── TASK INPUTS

(* Let $\mathcal{M}=\langle S,\iota,\mathsf{Act},P,\mathsf{Z},\mathsf{obs}\rangle$ be an MDP and $r\colon S\to\mathbb{R}_{\ge0}$. For every trace $\tau\in\mathsf{Z}^+$, $R_r(\tau)=\max_{\sigma\in\Sigma_{\mathrm{DC}}(|\tau|)}\sum_{\pi\in\mathrm{Paths}(\tau)}\Pr^\sigma(\pi\mid\tau)\cdot r(\mathrm{last}(\pi))$.
   Context: An MDP is a tuple $\langle S,\iota,\mathsf{Act},P,\mathsf{Z},\mathsf{obs}\rangle$: finite state set $S$, initial distribution $\iota\in\mathsf{Distr}(S)$, finite action set $\mathsf{Act}$, partial transition function $P\colon S\times\mathsf{Act}\rightharpoonup\mathsf{Distr}(S)$, finite observation set $\mathsf{Z}$, observation function $\mathsf{obs}\colon S\to\mathsf{Distr}(\mathsf{Z})$; $\mathsf{AvAct}(s)=\{\alpha\mid P(s,\alpha)\text{ defined}\}\neq\emptyset$. A finite path is $\pi=s_0a_0\dots a_{n-1}s_n$ with $\iota(s_0)>0$, $P(s_i,a_i)(s_{i+1})>0$; its length $|\pi|=n$ is its number of actions; $\mathrm{last}(\pi)=s_n$. A scheduler $\sigma$ maps each finite path $\pi$ to a distribution on $\mathsf{AvAct}(\mathrm{last}(\pi))$; $\Sigma$ is the set of schedulers; $\Pr^\sigma(\pi)=\iota(s_0)\prod_{i<n}\sigma(s_0a_0\dots s_i)(a_i)P(s_i,a_i)(s_{i+1})$. For a trace $\tau=z_0\dots z_n$ (length $|\tau|$) and path $\pi=s_0\dots s_m$, $\Pr(\tau\mid\pi)=\prod_{i=0}^n\mathsf{obs}(s_i)(z_i)$ if $m=n$, else $0$; $\mathrm{Paths}(\tau)$ are the paths with as many states as $\tau$ has observations; $\Pr^\sigma(\tau)=\sum_\pi\Pr^\sigma(\pi)\Pr(\tau\mid\pi)$; $\Pr^\sigma(\pi\mid\tau)=\Pr(\tau\mid\pi)\Pr^\sigma(\pi)/\Pr^\sigma(\tau)$ ($0/0=0$). $R_r(\tau)=\sup_{\sigma\in\Sigma}\sum_{\pi\in\mathrm{Paths}(\tau)}\Pr^\sigma(\pi\mid\tau)r(\mathrm{last}(\pi))$. For $k\in\mathbb{N}$, $\Sigma_{\mathrm{DC}}(k)$ is the set of deterministic schedulers (each $\sigma(\pi)$ is Dirac) such that for all finite paths $\pi,\pi'$: if $\mathrm{last}(\pi)=\mathrm{last}(\pi')$ and ($|\pi|=|\pi'|$ or ($|\pi|>k$ and $|\pi'|>k$)), then $\sigma(\pi)=\sigma(\pi')$. *)

theory Defs
  imports "HOL-Probability.Probability_Mass_Function"
begin

text \<open>An MDP is given by: state type 's (finite), action type 'a (finite),
observation type 'z (finite), initial distribution iota :: 's pmf,
partial transition function P :: 's => 'a => 's pmf option, and
observation function obs :: 's => 'z pmf.\<close>

definition AvAct :: "('s \<Rightarrow> 'a \<Rightarrow> 's pmf option) \<Rightarrow> 's \<Rightarrow> 'a set" where
  "AvAct P s = {a. P s a \<noteq> None}"

text \<open>A finite path s0 a0 s1 ... a(n-1) sn is represented as (s0, [(a0,s1),...,(a(n-1),sn)]).\<close>
type_synonym ('s, 'a) fpath = "'s \<times> ('a \<times> 's) list"

fun pstates :: "('s, 'a) fpath \<Rightarrow> 's list" where
  "pstates (s, xs) = s # map snd xs"

fun plen :: "('s, 'a) fpath \<Rightarrow> nat" where
  "plen (s, xs) = length xs"

fun plast :: "('s, 'a) fpath \<Rightarrow> 's" where
  "plast (s, xs) = last (s # map snd xs)"

fun is_path :: "'s pmf \<Rightarrow> ('s \<Rightarrow> 'a \<Rightarrow> 's pmf option) \<Rightarrow> ('s, 'a) fpath \<Rightarrow> bool" where
  "is_path iota P (s, xs) \<longleftrightarrow> pmf iota s > 0 \<and>
     (\<forall>i < length xs. case P ((s # map snd xs) ! i) (fst (xs ! i)) of
        None \<Rightarrow> False | Some d \<Rightarrow> pmf d (snd (xs ! i)) > 0)"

────

[AIM OF THE EXERCISE] The listing above should be returned in full, exactly as shown.

[SOLUTION]
(* Let $\mathcal{M}=\langle S,\iota,\mathsf{Act},P,\mathsf{Z},\mathsf{obs}\rangle$ be an MDP and $r\colon S\to\mathbb{R}_{\ge0}$. For every trace $\tau\in\mathsf{Z}^+$, $R_r(\tau)=\max_{\sigma\in\Sigma_{\mathrm{DC}}(|\tau|)}\sum_{\pi\in\mathrm{Paths}(\tau)}\Pr^\sigma(\pi\mid\tau)\cdot r(\mathrm{last}(\pi))$.
   Context: An MDP is a tuple $\langle S,\iota,\mathsf{Act},P,\mathsf{Z},\mathsf{obs}\rangle$: finite state set $S$, initial distribution $\iota\in\mathsf{Distr}(S)$, finite action set $\mathsf{Act}$, partial transition function $P\colon S\times\mathsf{Act}\rightharpoonup\mathsf{Distr}(S)$, finite observation set $\mathsf{Z}$, observation function $\mathsf{obs}\colon S\to\mathsf{Distr}(\mathsf{Z})$; $\mathsf{AvAct}(s)=\{\alpha\mid P(s,\alpha)\text{ defined}\}\neq\emptyset$. A finite path is $\pi=s_0a_0\dots a_{n-1}s_n$ with $\iota(s_0)>0$, $P(s_i,a_i)(s_{i+1})>0$; its length $|\pi|=n$ is its number of actions; $\mathrm{last}(\pi)=s_n$. A scheduler $\sigma$ maps each finite path $\pi$ to a distribution on $\mathsf{AvAct}(\mathrm{last}(\pi))$; $\Sigma$ is the set of schedulers; $\Pr^\sigma(\pi)=\iota(s_0)\prod_{i<n}\sigma(s_0a_0\dots s_i)(a_i)P(s_i,a_i)(s_{i+1})$. For a trace $\tau=z_0\dots z_n$ (length $|\tau|$) and path $\pi=s_0\dots s_m$, $\Pr(\tau\mid\pi)=\prod_{i=0}^n\mathsf{obs}(s_i)(z_i)$ if $m=n$, else $0$; $\mathrm{Paths}(\tau)$ are the paths with as many states as $\tau$ has observations; $\Pr^\sigma(\tau)=\sum_\pi\Pr^\sigma(\pi)\Pr(\tau\mid\pi)$; $\Pr^\sigma(\pi\mid\tau)=\Pr(\tau\mid\pi)\Pr^\sigma(\pi)/\Pr^\sigma(\tau)$ ($0/0=0$). $R_r(\tau)=\sup_{\sigma\in\Sigma}\sum_{\pi\in\mathrm{Paths}(\tau)}\Pr^\sigma(\pi\mid\tau)r(\mathrm{last}(\pi))$. For $k\in\mathbb{N}$, $\Sigma_{\mathrm{DC}}(k)$ is the set of deterministic schedulers (each $\sigma(\pi)$ is Dirac) such that for all finite paths $\pi,\pi'$: if $\mathrm{last}(\pi)=\mathrm{last}(\pi')$ and ($|\pi|=|\pi'|$ or ($|\pi|>k$ and $|\pi'|>k$)), then $\sigma(\pi)=\sigma(\pi')$. *)

theory Defs
  imports "HOL-Probability.Probability_Mass_Function"
begin

text \<open>An MDP is given by: state type 's (finite), action type 'a (finite),
observation type 'z (finite), initial distribution iota :: 's pmf,
partial transition function P :: 's => 'a => 's pmf option, and
observation function obs :: 's => 'z pmf.\<close>

definition AvAct :: "('s \<Rightarrow> 'a \<Rightarrow> 's pmf option) \<Rightarrow> 's \<Rightarrow> 'a set" where
  "AvAct P s = {a. P s a \<noteq> None}"

text \<open>A finite path s0 a0 s1 ... a(n-1) sn is represented as (s0, [(a0,s1),...,(a(n-1),sn)]).\<close>
type_synonym ('s, 'a) fpath = "'s \<times> ('a \<times> 's) list"

fun pstates :: "('s, 'a) fpath \<Rightarrow> 's list" where
  "pstates (s, xs) = s # map snd xs"

fun plen :: "('s, 'a) fpath \<Rightarrow> nat" where
  "plen (s, xs) = length xs"

fun plast :: "('s, 'a) fpath \<Rightarrow> 's" where
  "plast (s, xs) = last (s # map snd xs)"

fun is_path :: "'s pmf \<Rightarrow> ('s \<Rightarrow> 'a \<Rightarrow> 's pmf option) \<Rightarrow> ('s, 'a) fpath \<Rightarrow> bool" where
  "is_path iota P (s, xs) \<longleftrightarrow> pmf iota s > 0 \<and>
     (\<forall>i < length xs. case P ((s # map snd xs) ! i) (fst (xs ! i)) of
        None \<Rightarrow> False | Some d \<Rightarrow> pmf d (snd (xs ! i)) > 0)"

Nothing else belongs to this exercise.